Bope sabia do risco de confronto
O tenente-coronel também detalhou que os policiais já tinham informações de que o grupo estava armado e esperavam a possibilidade de confronto.
Segundo ele, chegou à equipe a informação de que os criminosos estariam com quatro fuzis. Na ocorrência, porém, foram localizados um fuzil 5,5 e uma pistola calibre 9 milímetros.
“Sabíamos da possibilidade de confronto, sabíamos que eles estavam armados. Até com mais arma de fogo chegou para a gente que se tratava de quatro fuzis”, relatou.
Rocha afirmou que o confronto foi intenso, com muitos disparos de ambas as partes. Segundo ele, os criminosos começaram a atirar contra a patrulha e os policiais revidaram. Depois que cessou a agressão, a equipe fez a aproximação e encontrou os quatro bolivianos.
O confronto ocorreu durante a tarde, com luz natural.
Outros envolvidos também morreram no confronto
Além de José Mariano Paz Chavez, também morreram Cristian Guzman Parada, de 31 anos, José Oscar Lacoa Rapu, de 25, e Bruno Bascope Jordan, de 31 anos.
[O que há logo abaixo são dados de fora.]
(* Let $\mathbb{D}$ be a division ring, let $m,n\ge 1$ be integers, and let $P$ be an $n\times m$ matrix over $\mathbb{D}$. If $V$ is an invertible $m\times m$ matrix over $\mathbb{D}$ and $W$ is an invertible $n\times n$ matrix over $\mathbb{D}$, then the rings $\mathfrak{M}(\mathbb{D}, m, n, P)$ and $\mathfrak{M}(\mathbb{D}, m, n, VPW)$ are isomorphic. Moreover, if $\mathbb{D}$ is a field, then $\mathfrak{M}(\mathbb{D}, m, n, P)$ and $\mathfrak{M}(\mathbb{D}, m, n, VPW)$ are isomorphic as $\mathbb{D}$-algebras.
   Context: For a division ring $\mathbb{D}$ and an $n\times m$ matrix $P$ over $\mathbb{D}$, $\mathfrak{M}(\mathbb{D}, m, n, P)$ denotes the set of all $m\times n$ matrices over $\mathbb{D}$ with entrywise addition and multiplication $A\bullet B = APB$ (usual matrix products on the right). When $\mathbb{D}$ is a field, scalar multiplication is entrywise, making it a $\mathbb{D}$-algebra. *)

theory Defs
  imports "HOL-Analysis.Analysis"
begin

text \<open>The ring M(D,m,n,P): m x n matrices (type 'a^'n^'m) with entrywise addition
  and multiplication A \<bullet> B = A P B, where P is an n x m matrix (type 'a^'m^'n).\<close>
definition sandwich_mult :: "'a::semiring_1^'m^'n \<Rightarrow> 'a^'n^'m \<Rightarrow> 'a^'n^'m \<Rightarrow> 'a^'n^'m" where
  "sandwich_mult P A B = A ** P ** B"

definition mat_scale :: "'a::times \<Rightarrow> 'a^'n^'m \<Rightarrow> 'a^'n^'m" where
  "mat_scale c A = (\<chi> i j. c * A $ i $ j)"

definition sandwich_ring_iso ::
  "'a::semiring_1^'m^'n \<Rightarrow> 'a^'m^'n \<Rightarrow> ('a^'n^'m \<Rightarrow> 'a^'n^'m) \<Rightarrow> bool" where
  "sandwich_ring_iso P Q f \<longleftrightarrow> bij f \<and> (\<forall>A B. f (A + B) = f A + f B)
     \<and> (\<forall>A B. f (sandwich_mult P A B) = sandwich_mult Q (f A) (f B))"

definition sandwich_alg_iso ::
  "'a::semiring_1^'m^'n \<Rightarrow> 'a^'m^'n \<Rightarrow> ('a^'n^'m \<Rightarrow> 'a^'n^'m) \<Rightarrow> bool" where
  "sandwich_alg_iso P Q f \<longleftrightarrow> sandwich_ring_iso P Q f
     \<and> (\<forall>c A. f (mat_scale c A) = mat_scale c (f A))"

end

theory Submission
  imports Defs
begin

text \<open>Conjugation \<open>A \<mapsto> W\<inverse> A V\<inverse>\<close> is the isomorphism: it is additive and bijective with
  inverse \<open>B \<mapsto> W B V\<close>, and \<open>(W\<inverse> A V\<inverse>) (V P W) (W\<inverse> B V\<inverse>) = W\<inverse> (A P B) V\<inverse>\<close>.
  It commutes with entrywise scaling as soon as scalars are central.\<close>

lemma matrix_mul_matrix_inv:
  fixes A :: "'a::semiring_1^'n^'m"
  assumes "invertible A"
  shows "A ** matrix_inv A = mat 1" and "matrix_inv A ** A = mat 1"
  using someI_ex[OF assms[unfolded invertible_def]] unfolding matrix_inv_def by auto

lemma matrix_add_rdistrib:
  fixes A B :: "'a::semiring_1^'n^'m" and C :: "'a^'p^'n"
  shows "(A + B) ** C = A ** C + B ** C"
  by (vector matrix_matrix_mult_def sum.distrib[symmetric] distrib_right)

lemma matrix_mul_mat_scale_left:
  fixes A :: "'a::semiring_1^'n^'m" and C :: "'a^'p^'n"
  shows "mat_scale c A ** C = mat_scale c (A ** C)"
  by (vector matrix_matrix_mult_def mat_scale_def sum_distrib_left mult.assoc)

lemma matrix_mul_mat_scale_right:
  fixes C :: "'a::semiring_1^'n^'m" and A :: "'a^'p^'n"
  assumes central: "\<And>x. c * x = x * c"
  shows "C ** mat_scale c A = mat_scale c (C ** A)"
proof -
  have "x * (c * y) = c * (x * y)" for x y :: 'a
    by (metis central mult.assoc)
  then show ?thesis
    by (vector matrix_matrix_mult_def mat_scale_def sum_distrib_left)
qed

lemma sandwich_mult_conj:
  fixes P :: "'a::semiring_1^'m^'n" and V V' :: "'a^'n^'n" and W W' :: "'a^'m^'m"
  assumes "V' ** V = mat 1" and "W ** W' = mat 1"
  shows "W' ** sandwich_mult P A B ** V'
    = sandwich_mult (V ** P ** W) (W' ** A ** V') (W' ** B ** V')"
proof -
  have "W' ** A ** V' ** (V ** P ** W) ** (W' ** B ** V')
      = W' ** A ** (V' ** V) ** P ** (W ** W') ** B ** V'"
    by (simp add: matrix_mul_assoc)
  also have "\<dots> = W' ** (A ** P ** B) ** V'"
    by (simp add: assms matrix_mul_assoc)
  finally show ?thesis
    by (simp add: sandwich_mult_def)
qed

lemma sandwich_ring_iso_conj:
  fixes P :: "'a::semiring_1^'m^'n" and V :: "'a^'n^'n" and W :: "'a^'m^'m"
  assumes V: "invertible V" and W: "invertible W"
  shows "sandwich_ring_iso P (V ** P ** W) (\<lambda>A. matrix_inv W ** A ** matrix_inv V)"
proof -
  note inv = matrix_mul_matrix_inv[OF V] matrix_mul_matrix_inv[OF W]
  have "bij (\<lambda>A. matrix_inv W ** A ** matrix_inv V)"
  proof (rule bij_betw_byWitness[where f' = "\<lambda>B. W ** B ** V"])
    show "\<forall>A\<in>UNIV. W ** (matrix_inv W ** A ** matrix_inv V) ** V = A"
      by (metis inv matrix_mul_assoc matrix_mul_lid matrix_mul_rid)
    show "\<forall>B\<in>UNIV. matrix_inv W ** (W ** B ** V) ** matrix_inv V = B"
      by (metis inv matrix_mul_assoc matrix_mul_lid matrix_mul_rid)
  qed auto
  then show ?thesis
    unfolding sandwich_ring_iso_def
    by (simp add: matrix_add_ldistrib matrix_add_rdistrib sandwich_mult_conj inv)
qed

lemma sandwich_alg_iso_conj:
  fixes P :: "'a::semiring_1^'m^'n" and V :: "'a^'n^'n" and W :: "'a^'m^'m"
  assumes "invertible V" and "invertible W" and "\<forall>x y :: 'a. x * y = y * x"
  shows "sandwich_alg_iso P (V ** P ** W) (\<lambda>A. matrix_inv W ** A ** matrix_inv V)"
  using assms sandwich_ring_iso_conj
  by (simp add: sandwich_alg_iso_def matrix_mul_mat_scale_left matrix_mul_mat_scale_right)

theorem lemma1p4:
  fixes P :: "'a::division_ring^'m^'n"
    and V :: "'a^'n^'n"
    and W :: "'a^'m^'m"
  assumes "invertible V" and "invertible W"
  shows "(\<exists>f. sandwich_ring_iso P (V ** P ** W) f)
    \<and> ((\<forall>x y :: 'a. x * y = y * x) \<longrightarrow> (\<exists>f. sandwich_alg_iso P (V ** P ** W) f))"
  using sandwich_ring_iso_conj[OF assms] sandwich_alg_iso_conj[OF assms] by blast

end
Os três foram localizados junto ao grupo na área rural de São Gabriel do Oeste e morreram.
Operação teve integração de forças
Rocha também destacou a atuação integrada de outras forças de segurança, como o Grupo Especial de Fronteiras (GFRON/MT), o Departamento de Operações de Fronteira (DOF), o Batalhão de Policiamento Rural, o Batalhão de Área do 5º Batalhão e o Grupo de Patrulhamento Aéreo da Polícia Militar (GPA).
Segundo o comandante, existe uma estrutura de apoio para ocorrências desse tipo, embora muitas vezes apenas a atuação do Bope seja destacada. Os corpos dos quatro bolivianos foram encaminhados para São Gabriel do Oeste.
Conforme Rocha, ainda seria definido com as autoridades qual será o destino deles e se serão deportados para a Bolívia.